= Herbert A. Bartholomew =

American politician (1871–1958)

Herbert Almon Bartholomew (November 3, 1871 – October 26, 1958) was an American politician from New York.

==Life==
Bartholomew was born on November 3, 1871, on a farm in Whitehall, Washington County, New York, the son of Heman Almon Bartholomew (1834–1922) and Alice Lanta (Douglass) Bartholomew (1841–1921). In 1896, he married Harriet Gibson Douglass (1874–1962), and they had two sons: Herbert Almon Bartholonew Jr MD and Corp.
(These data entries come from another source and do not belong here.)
lemma k_independent_le_seq_value:
  assumes a_ne: "a \<noteq> []" and a_len: "length a \<le> n" and a_sorted: "sorted_wrt (\<ge>) a"
    and a_pos: "\<forall>x\<in>set a. 1 \<le> x" and a_q: "a ! 0 \<le> q" and k: "k < sum_list a"
    and S: "S \<subseteq> sigma_vertices n q" and S_indep: "k_independent (sigma_edges n q a) k S"
  obtains B where "B \<in> maximal_feasible q k a n" "card S \<le> seq_value n q a B"
proof -
  obtain I where I: "bij_betw I {..<n} {1..n}"
    and sorted: "\<And>i j. i \<le> j \<Longrightarrow> j < n \<Longrightarrow> card (S \<inter> vclass q (I j)) \<le> card (S \<inter> vclass q (I i))"
    using obtain_sorting_bijection[of n "\<lambda>i. card (S \<inter> vclass q i)"] by blast
  define d where "d j = card (S \<inter> vclass q (I j))" for j
  have d_antimono: "\<And>i j. i \<le> j \<Longrightarrow> j < n \<Longrightarrow> d j \<le> d i"
    using sorted by (simp add: d_def)
  define Bd where "Bd = freeze_tail (length a) n d"
  have a_le_q: "a ! j \<le> q" if "j < length a" for j
    using sorted_wrt_ge_nth_antimono[OF a_sorted, of 0 j] that a_q by simp
  obtain E where "E \<in> sigma_edges n q a" "card (E \<inter> S) = (\<Sum>j<length a. min (a ! j) (d j))"
    using obtain_edge_meeting[OF I a_len a_pos a_le_q] unfolding d_def by blast
  then have Bd_overlap: "min_overlap a Bd \<le> k"
    using S_indep min_overlap_freeze_tail[OF a_len] unfolding k_independent_def Bd_def by auto
  have d_le: "d j \<le> q" for j
    by (simp add: d_def card_Int_vclass_le)
  have Bd: "pre_feasible q a n Bd"
    unfolding Bd_def by (rule pre_feasible_freeze_tail[OF a_ne a_len d_le d_antimono])
  obtain B where B: "B \<in> maximal_feasible q k a n" and Bd_le: "\<And>i. i < n \<Longrightarrow> Bd ! i \<le> B ! i"
    using maximal_feasible_above[OF a_ne a_len a_sorted a_q k Bd Bd_overlap] by blast
  have pB: "pre_feasible q a n B" and "min_overlap a B = k"
    using B feasible_iff_pre_feasible[OF a_q] unfolding maximal_feasible_def by auto
  then have B_deficit: "min_overlap a B < sum_list a" using k by simp
  have Bd_deficit: "min_overlap a Bd < sum_list a" using Bd_overlap k by simp
  have "card S = (\<Sum>j<n. d j)"
    using card_eq_sum_vclass[OF S I] by (simp add: d_def)
  also have "\<dots> \<le> seq_value n q a Bd"
    using sum_le_seq_value_freeze_tail[OF a_ne a_len d_le d_antimono Bd_deficit[unfolded Bd_def]]
    by (simp add: Bd_def)
  also have "\<dots> \<le> seq_value n q a B"
    by (rule seq_value_mono[OF Bd pB a_len Bd_deficit B_deficit Bd_le])
  finally show thesis using that B by blast
qed

lemma maximal_feasible_nonempty:
  assumes "a \<noteq> []" "length a \<le> n" "sorted_wrt (\<ge>) a" "a ! 0 \<le> q" "k < sum_list a"
  shows "maximal_feasible q k a n \<noteq> {}"
proof -
  have "0 < n" using assms(1,2) by (cases a) auto
  then have "pre_feasible q a n (replicate n 0)" "min_overlap a (replicate n 0) \<le> k"
    using assms(2) by (auto simp: pre_feasible_def min_overlap_def sorted_wrt_iff_nth_less)
  then show ?thesis
    using maximal_feasible_above[OF assms] by blast
qed

theorem theorem2p8:
  fixes a :: "nat list" and n q k r s :: nat
  assumes "a \<noteq> []"
    and "sorted_wrt (\<ge>) a"
    and "\<forall>x\<in>set a. 1 \<le> x"
    and "r = sum_list a"
    and "s = length a"
    and "s \<le> n"
    and "a ! 0 \<le> q"
    and "1 \<le> k" and "k \<le> r - 1"
  shows "alpha_k k (sigma_vertices n q) (sigma_edges n q a)
           = Max {seq_value n q a B | B. B \<in> maximal_feasible q k a n}"
proof -
  have a_len: "length a \<le> n" and k: "k < sum_list a" using assms by auto
  let ?sizes = "{card S | S. S \<subseteq> sigma_vertices n q \<and> k_independent (sigma_edges n q a) k S}"
  let ?values = "{seq_value n q a B | B. B \<in> maximal_feasible q k a n}"
  show ?thesis
    unfolding alpha_k_def
  proof (rule Max_eq_if_cofinal)
    show "finite ?sizes"
      by (rule finite_subset[of _ "card ` Pow (sigma_vertices n q)"]) (auto simp: sigma_vertices_def)
    show "finite ?values"
      using finite_maximal_feasible[OF assms(7)] by (simp add: setcompr_eq_image)
    show "?values \<noteq> {}"
      using maximal_feasible_nonempty[OF assms(1) a_len assms(2,7) k] by blast
  next
    fix x assume "x \<in> ?sizes"
    then obtain S where S: "x = card S" "S \<subseteq> sigma_vertices n q" "k_independent (sigma_edges n q a) k S"
      by blast
    obtain B where "B \<in> maximal_feasible q k a n" "card S \<le> seq_value n q a B"
      by (rule k_independent_le_seq_value[OF assms(1) a_len assms(2,3,7) k S(2,3)])
    then show "\<exists>y\<in>?values. x \<le> y"
      using S(1) by (intro bexI[of _ "seq_value n q a B"]) auto
  next
    fix y assume "y \<in> ?values"
    then obtain B where B: "y = seq_value n q a B" "feasible q k a n B"
      unfolding maximal_feasible_def by blast
    obtain S where S: "S \<subseteq> sigma_vertices n q" "k_independent (sigma_edges n q a) k S"
        "card S = seq_value n q a B"
      by (rule k_independent_of_feasible[OF assms(2) a_len assms(7) k B(2)])
    then have "card S \<in> ?sizes" by blast
    then show "\<exists>x\<in>?sizes. y \<le> x"
      using B(1) S(3) by (intro bexI[of _ "card S"]) simp_all
  qed
qed
(* In the setting of the context, suppose $\mathbb{P}(q(\mathcal{X})<1)>0$, and let $B\ge2$ be an integer with $(B+1)\alpha\in\mathbb{N}$. Then $k_B-k_{B-1}=1$ and $k_{B+1}-k_B=0$, and consequently $\mathrm{Pow}(B-1)<\mathrm{Pow}(B)$ and $\mathrm{Pow}(B+1)<\mathrm{Pow}(B)$.
   Context: Let $\mathcal{X}$ be a random observed dataset taking values in a space on which a finite group $\mathcal{G}$ acts (write $\mathcal{X}^\pi$ for the action of $\pi\in\mathcal{G}$; the identity of $\mathcal{G}$ fixes every dataset), and let $T$ be a real-valued test statistic. Fix $\alpha\in(0,1)$. For an integer $B\ge1$, let $\pi_1,\dots,\pi_B$ be i.i.d. uniform on $\mathcal{G}$, independent of $\mathcal{X}$. The Monte Carlo permutation $p$-value is $p_B(\mathcal{X})=\bigl(1+\sum_{i=1}^B \mathbf{1}\{T(\mathcal{X}^{\pi_i})\ge T(\mathcal{X})\}\bigr)/(B+1)$, and the test rejects iff $p_B(\mathcal{X})\le\alpha$. Define $q(\mathcal{X})=\mathbb{P}(T(\mathcal{X}^\pi)\ge T(\mathcal{X})\mid \mathcal{X})$ for $\pi$ uniform on $\mathcal{G}$ independent of $\mathcal{X}$ (so $q(\mathcal{X})\in[1/|\mathcal{G}|,1]$), $R_B=\sum_{i=1}^B \mathbf{1}\{T(\mathcal{X}^{\pi_i})\ge T(\mathcal{X})\}$ (so $R_B\mid\mathcal{X}\sim\mathrm{Binomial}(B,q(\mathcal{X}))$), and the critical count $k_B=\lfloor (B+1)\alpha\rfloor-1$ for integers $B\ge 0$. Then $\{p_B(\mathcal{X})\le\alpha\}=\{R_B\le k_B\}$. The conditional rejection probability is $\phi_B(\mathcal{X})=\mathbb{P}(R_B\le k_B\mid\mathcal{X})$ and the (unconditional) power is $\mathrm{Pow}(B)=\mathbb{E}[\phi_B(\mathcal{X})]=\mathbb{E}\bigl[\mathbb{P}(\mathrm{Binomial}(B,q(\mathcal{X}))\le k_B\mid\mathcal{X})\bigr]$, for $B\ge1$. *)

theory Defs
  imports "HOL-Probability.Probability" "HOL-Algebra.Group"
begin

definition exceed_prob :: "('g, 'b) monoid_scheme \<Rightarrow> ('g \<Rightarrow> 'x \<Rightarrow> 'x) \<Rightarrow> ('x \<Rightarrow> real) \<Rightarrow> 'x \<Rightarrow> real" where
  "exceed_prob G act T x =
     measure_pmf.prob (pmf_of_set (carrier G)) {g. T (act g x) \<ge> T x}"

definition crit_count :: "real \<Rightarrow> nat \<Rightarrow> int" where
  "crit_count \<alpha> B = \<lfloor>(real B + 1) * \<alpha>\<rfloor> - 1"

definition cond_rej :: "real \<Rightarrow> nat \<Rightarrow> real \<Rightarrow> real" where
  "cond_rej \<alpha> B q = measure_pmf.prob (binomial_pmf B q) {j. int j \<le> crit_count \<alpha> B}"

definition mc_power :: "'w measure \<Rightarrow> ('g, 'b) monoid_scheme \<Rightarrow> ('g \<Rightarrow> 'x \<Rightarrow> 'x) \<Rightarrow> ('x \<Rightarrow> real)
    \<Rightarrow> ('w \<Rightarrow> 'x) \<Rightarrow> real \<Rightarrow> nat \<Rightarrow> real" where
  "mc_power M G act T X \<alpha> B = integral\<^sup>L M (\<lambda>\<omega>. cond_rej \<alpha> B (exceed_prob G act T (X \<omega>)))"

end

theory Submission
  imports Defs
begin

text \<open>
  Write m = (B + 1) \<alpha>; then k_B = k_{B+1} = m - 1 and k_{B-1} = m - 2. For the binomial
  distribution function F n q k = P(Binomial(n, q) \<le> k), conditioning on the last trial gives
  F (n + 1) q k = F n q k - q b n q k  and  F (n + 1) q k = F n q (k - 1) + (1 - q) b n q k,
  where b n q k is the binomial point mass. Hence phi_B - phi_{B-1} and phi_B - phi_{B+1} are
  nonnegative, and positive wherever 0 < q < 1. The identity of the group always counts, so
  q > 0; thus both differences are positive on the event q < 1, which has positive probability.
\<close>

text \<open>Polynomials in q rather than values of binomial_pmf, which is only meaningful for 0 \<le> q \<le> 1.\<close>

definition binomial_term :: "nat \<Rightarrow> real \<Rightarrow> nat \<Rightarrow> real" where
  "binomial_term n q j = real (n choose j) * q ^ j * (1 - q) ^ (n - j)"

definition binomial_cdf :: "nat \<Rightarrow> real \<Rightarrow> int \<Rightarrow> real" where
  "binomial_cdf n q k = (\<Sum>j | int j \<le> k. binomial_term n q j)"

lemma binomial_term_nonneg: "0 \<le> q \<Longrightarrow> q \<le> 1 \<Longrightarrow> 0 \<le> binomial_term n q j"
  unfolding binomial_term_def by simp

lemma binomial_term_pos: "0 < q \<Longrightarrow> q < 1 \<Longrightarrow> j \<le> n \<Longrightarrow> 0 < binomial_term n q j"
  unfolding binomial_term_def by simp

lemma binomial_term_Suc_0: "binomial_term (Suc n) q 0 = (1 - q) * binomial_term n q 0"
  by (simp add: binomial_term_def)

lemma binomial_term_Suc_Suc:
  "binomial_term (Suc n) q (Suc j) = (1 - q) * binomial_term n q (Suc j) + q * binomial_term n q j"
proof (cases "j < n")
  case True
  then have "n - j = Suc (n - Suc j)" by simp
  with True show ?thesis
    by (simp add: binomial_term_def algebra_simps)
next
  case False
  then show ?thesis by (simp add: binomial_term_def algebra_simps)
qed

lemma binomial_cdf_int: "binomial_cdf n q (int k) = (\<Sum>j\<le>k. binomial_term n q j)"
  unfolding binomial_cdf_def by (rule sum.cong) auto

lemma binomial_cdf_neg: "k < 0 \<Longrightarrow> binomial_cdf n q k = 0"
  unfolding binomial_cdf_def by simp

lemma binomial_cdf_diff_one:
  "binomial_cdf n q (int k) = binomial_cdf n q (int k - 1) + binomial_term n q k"
proof (cases k)
  case 0
  then show ?thesis using binomial_cdf_int[of n q 0] by (simp add: binomial_cdf_neg)
next
  case (Suc k')
  then show ?thesis using binomial_cdf_int[of n q k] binomial_cdf_int[of n q k'] by simp
qed

lemma binomial_cdf_Suc_trials:
  "binomial_cdf (Suc n) q (int k) = binomial_cdf n q (int k) - q * binomial_term n q k"
proof (induction k)
  case 0
  then show ?case
    using binomial_cdf_int[of _ q 0] by (simp add: binomial_term_Suc_0 algebra_simps)
next
  case (Suc k)
  then show ?case
    using binomial_cdf_diff_one[of "Suc n" q "Suc k"] binomial_cdf_diff_one[of n q "Suc k"]
    by (simp add: binomial_term_Suc_Suc algebra_simps)
qed

lemma binomial_cdf_Suc_trials_count:
  "binomial_cdf (Suc n) q (int k) = binomial_cdf n q (int k - 1) + (1 - q) * binomial_term n q k"
  using binomial_cdf_Suc_trials[of n q k] binomial_cdf_diff_one[of n q k] by (simp add: algebra_simps)

lemma prob_binomial_le:
  assumes "0 \<le> q" "q \<le> 1"
  shows "measure_pmf.prob (binomial_pmf n q) {j. int j \<le> k} = binomial_cdf n q k"
proof -
  have "finite {j. int j \<le> k}"
    by (rule finite_subset[of _ "{..nat k}"]) auto
  then show ?thesis
    using assms by (simp add: measure_measure_pmf_finite binomial_cdf_def binomial_term_def)
qed

lemma binomial_cdf_bounds: "0 \<le> q \<Longrightarrow> q \<le> 1 \<Longrightarrow> binomial_cdf n q k \<in> {0..1}"
  using prob_binomial_le[of q n k, symmetric] by simp

lemma borel_measurable_binomial_cdf [measurable]:
  assumes [measurable]: "Q \<in> borel_measurable M"
  shows "(\<lambda>\<omega>. binomial_cdf n (Q \<omega>) k) \<in> borel_measurable M"
  unfolding binomial_cdf_def binomial_term_def by measurable

lemma (in finite_measure) integrable_binomial_cdf:
  assumes "Q \<in> borel_measurable M" "\<And>\<omega>. \<omega> \<in> space M \<Longrightarrow> Q \<omega> \<in> {0..1}"
  shows "integrable M (\<lambda>\<omega>. binomial_cdf n (Q \<omega>) k)"
  using assms binomial_cdf_bounds by (intro integrable_const_bound[where B=1]) auto

lemma (in finite_measure) integral_binomial_cdf_less:
  assumes Q: "Q \<in> borel_measurable M" "\<And>\<omega>. \<omega> \<in> space M \<Longrightarrow> Q \<omega> \<in> {0<..1}"
    and nondegenerate: "emeasure M {\<omega> \<in> space M. Q \<omega> < 1} \<noteq> 0"
    and le: "\<And>q. q \<in> {0<..1} \<Longrightarrow> binomial_cdf n q k \<le> binomial_cdf n' q k'"
    and less: "\<And>q. q \<in> {0<..<1} \<Longrightarrow> binomial_cdf n q k < binomial_cdf n' q k'"
  shows "(\<integral>\<omega>. binomial_cdf n (Q \<omega>) k \<partial>M) < (\<integral>\<omega>. binomial_cdf n' (Q \<omega>) k' \<partial>M)"
proof (rule integral_less_AE[OF _ _ nondegenerate])
  show "integrable M (\<lambda>\<omega>. binomial_cdf n (Q \<omega>) k)" "integrable M (\<lambda>\<omega>. binomial_cdf n' (Q \<omega>) k')"
    using Q by (force intro!: integrable_binomial_cdf)+
  show "{\<omega> \<in> space M. Q \<omega> < 1} \<in> sets M"
    using Q(1) by measurable
  show "AE \<omega> in M. \<omega> \<in> {\<omega> \<in> space M. Q \<omega> < 1}
      \<longrightarrow> binomial_cdf n (Q \<omega>) k \<noteq> binomial_cdf n' (Q \<omega>) k'"
    using Q(2) by (intro AE_I2) (auto intro!: less_imp_neq less)
  show "AE \<omega> in M. binomial_cdf n (Q \<omega>) k \<le> binomial_cdf n' (Q \<omega>) k'"
    using Q(2) le by (intro AE_I2) auto
qed

lemma cond_rej_eq_binomial_cdf:
  "0 \<le> q \<Longrightarrow> q \<le> 1 \<Longrightarrow> cond_rej \<alpha> n q = binomial_cdf n q (crit_count \<alpha> n)"
  unfolding cond_rej_def by (rule prob_binomial_le)

lemma mc_power_eq_integral_binomial_cdf:
  "mc_power M G act T X \<alpha> n = (\<integral>\<omega>. binomial_cdf n (exceed_prob G act T (X \<omega>)) (crit_count \<alpha> n) \<partial>M)"
  unfolding mc_power_def exceed_prob_def
  by (simp add: cond_rej_eq_binomial_cdf measure_pmf.prob_le_1)

lemma exceed_prob_pos:
  assumes "finite (carrier G)" "g \<in> carrier G" "T x \<le> T (act g x)"
  shows "0 < exceed_prob G act T x"
proof -
  have "carrier G \<noteq> {}" using assms(2) by blast
  then show ?thesis
    unfolding exceed_prob_def using assms by (intro measure_pmf_posI[of g]) auto
qed

lemma exceed_prob_eq_card:
  assumes "finite (carrier G)" "carrier G \<noteq> {}"
  shows "exceed_prob G act T x = card (carrier G \<inter> {g. T x \<le> T (act g x)}) / card (carrier G)"
  unfolding exceed_prob_def using assms by (simp add: measure_pmf_of_set)

lemma borel_measurable_exceed_prob:
  assumes "finite (carrier G)" "carrier G \<noteq> {}"
    and act: "\<And>g. g \<in> carrier G \<Longrightarrow> act g \<in> S \<rightarrow>\<^sub>M S"
    and T[measurable]: "T \<in> borel_measurable S"
  shows "exceed_prob G act T \<in> borel_measurable S"
proof -
  have "(\<lambda>x. of_bool (T x \<le> T (act g x)) :: real) \<in> borel_measurable S" if "g \<in> carrier G" for g
  proof -
    have [measurable]: "(\<lambda>x. T (act g x)) \<in> borel_measurable S"
      using measurable_compose[OF act[OF that] T] .
    show ?thesis by measurable
  qed
  then have "(\<lambda>x. (\<Sum>g\<in>carrier G. of_bool (T x \<le> T (act g x))) / real (card (carrier G)))
      \<in> borel_measurable S"
    by (intro borel_measurable_divide borel_measurable_sum) auto
  moreover have "exceed_prob G act T
      = (\<lambda>x. (\<Sum>g\<in>carrier G. of_bool (T x \<le> T (act g x))) / real (card (carrier G)))"
    using assms(1,2) by (simp add: fun_eq_iff exceed_prob_eq_card sum.If_cases)
  ultimately show ?thesis by simp
qed

lemma crit_count_less:
  assumes "\<alpha> < 1"
  shows "crit_count \<alpha> B < int B"
proof -
  from assms have "(real B + 1) * \<alpha> < real B + 1"
    by (simp add: mult_less_cancel_left1)
  then show ?thesis
    unfolding crit_count_def by linarith
qed

lemma crit_count_nonneg_at_integer:
  assumes "0 < \<alpha>" "(real B + 1) * \<alpha> \<in> \<int>"
  shows "0 \<le> crit_count \<alpha> B"
proof -
  obtain m where m: "(real B + 1) * \<alpha> = of_int m"
    using assms(2) by (elim Ints_cases)
  moreover have "0 < (real B + 1) * \<alpha>"
    using assms(1) by simp
  ultimately show ?thesis
    unfolding crit_count_def by simp
qed

lemma crit_count_Suc_at_integer:
  assumes "0 \<le> \<alpha>" "\<alpha> < 1" "(real B + 1) * \<alpha> \<in> \<int>"
  shows "crit_count \<alpha> (Suc B) = crit_count \<alpha> B"
proof -
  obtain m where m: "(real B + 1) * \<alpha> = of_int m"
    using assms(3) by (elim Ints_cases)
  then have "(real (Suc B) + 1) * \<alpha> = of_int m + \<alpha>"
    by (simp add: algebra_simps)
  then show ?thesis
    unfolding crit_count_def m using assms(1,2) by (simp add: floor_unique)
qed

lemma crit_count_pred_at_integer:
  assumes "0 < \<alpha>" "\<alpha> \<le> 1" "(real (Suc B) + 1) * \<alpha> \<in> \<int>"
  shows "crit_count \<alpha> B = crit_count \<alpha> (Suc B) - 1"
proof -
  obtain m where m: "(real (Suc B) + 1) * \<alpha> = of_int m"
    using assms(3) by (elim Ints_cases)
  then have "(real B + 1) * \<alpha> = of_int m - \<alpha>"
    by (simp add: algebra_simps)
  moreover have "\<lfloor>of_int m - \<alpha>\<rfloor> = m - 1"
    using assms(1,2) by (intro floor_unique) auto
  ultimately show ?thesis
    unfolding crit_count_def m by simp
qed

theorem mainTheorem7:
  fixes M :: "'w measure" and S :: "'x measure" and G :: "('g, 'b) monoid_scheme"
    and act :: "'g \<Rightarrow> 'x \<Rightarrow> 'x" and T :: "'x \<Rightarrow> real" and X :: "'w \<Rightarrow> 'x"
    and \<alpha> :: real and B :: nat
  assumes "prob_space M"
    and "group G" and "finite (carrier G)"
    and "\<And>x. act \<one>\<^bsub>G\<^esub> x = x"
    and "\<And>g h x. g \<in> carrier G \<Longrightarrow> h \<in> carrier G \<Longrightarrow> act (g \<otimes>\<^bsub>G\<^esub> h) x = act g (act h x)"
    and "\<And>g. g \<in> carrier G \<Longrightarrow> act g \<in> S \<rightarrow>\<^sub>M S"
    and "T \<in> borel_measurable S"
    and "X \<in> M \<rightarrow>\<^sub>M S"
    and "0 < \<alpha>" and "\<alpha> < 1"
    and "measure M {\<omega> \<in> space M. exceed_prob G act T (X \<omega>) < 1} > 0"
    and "B \<ge> 2"
    and "(real B + 1) * \<alpha> \<in> \<nat>"
  shows "crit_count \<alpha> B - crit_count \<alpha> (B - 1) = 1
       \<and> crit_count \<alpha> (B + 1) - crit_count \<alpha> B = 0
       \<and> mc_power M G act T X \<alpha> (B - 1) < mc_power M G act T X \<alpha> B
       \<and> mc_power M G act T X \<alpha> (B + 1) < mc_power M G act T X \<alpha> B"
proof -
  interpret prob_space M by fact
  obtain n where B: "B = Suc n" using \<open>B \<ge> 2\<close> by (cases B) auto
  have integer: "(real (Suc n) + 1) * \<alpha> \<in> \<int>"
    using \<open>(real B + 1) * \<alpha> \<in> \<nat>\<close> Nats_subset_Ints B by blast
  define k where "k = nat (crit_count \<alpha> B)"
  have crit: "crit_count \<alpha> B = int k" "crit_count \<alpha> (B - 1) = int k - 1"
    "crit_count \<alpha> (B + 1) = int k"
    using crit_count_nonneg_at_integer crit_count_pred_at_integer crit_count_Suc_at_integer integer
      assms(9,10) unfolding k_def B by auto
  have "k \<le> n" using crit_count_less[OF \<open>\<alpha> < 1\<close>, of B] crit(1) B by simp
  define Q where "Q \<omega> = exceed_prob G act T (X \<omega>)" for \<omega>
  have "\<one>\<^bsub>G\<^esub> \<in> carrier G" using \<open>group G\<close> by (simp add: group.is_monoid monoid.one_closed)
  then have Q_range: "Q \<omega> \<in> {0<..1}" for \<omega>
    using exceed_prob_pos[OF \<open>finite (carrier G)\<close>, of "\<one>\<^bsub>G\<^esub>" T "X \<omega>" act] assms(4)
    unfolding Q_def by (simp add: exceed_prob_def measure_pmf.prob_le_1)
  have Q_measurable: "Q \<in> borel_measurable M"
    unfolding Q_def using \<open>\<one>\<^bsub>G\<^esub> \<in> carrier G\<close>
    by (intro measurable_compose[OF assms(8)] borel_measurable_exceed_prob[OF assms(3) _ assms(6,7)]) auto
  have nondegenerate: "emeasure M {\<omega> \<in> space M. Q \<omega> < 1} \<noteq> 0"
    using assms(11) by (auto simp: Q_def measure_def)
  note less = integral_binomial_cdf_less[OF Q_measurable Q_range nondegenerate]
  have power: "mc_power M G act T X \<alpha> m = (\<integral>\<omega>. binomial_cdf m (Q \<omega>) (crit_count \<alpha> m) \<partial>M)" for m
    unfolding Q_def by (rule mc_power_eq_integral_binomial_cdf)
  have "mc_power M G act T X \<alpha> (B - 1) < mc_power M G act T X \<alpha> B"
    unfolding power crit using \<open>k \<le> n\<close>
    by (intro less) (auto simp: B binomial_cdf_Suc_trials_count binomial_term_nonneg binomial_term_pos)
  moreover have "mc_power M G act T X \<alpha> (B + 1) < mc_power M G act T X \<alpha> B"
    unfolding power crit using \<open>k \<le> n\<close>
    by (intro less) (auto simp: B binomial_cdf_Suc_trials binomial_term_nonneg binomial_term_pos)
  ultimately show ?thesis using crit by simp
qed

end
Harry D. Bartholomew (died 1932).

Bartholomew was a member of the New York State Assembly (Washington Co.) in 1921, 1922, 1923, 1924, 1925, 1926, 1927, 1928, 1929, 1930, 1931, 1932, 1933, 1934, 1935, 1936, 1937, 1938 and 1939–40. He was Chairman of the Committee on Canals in 1924; and of the Committee on Internal Affairs of Towns and Counties from 1927 to 1934 and from 1936 to 1940.

He was a delegate to the 1936, 1944 and 1952 Republican National Conventions; and an alternate delegate to the 1940 Republican National Convention.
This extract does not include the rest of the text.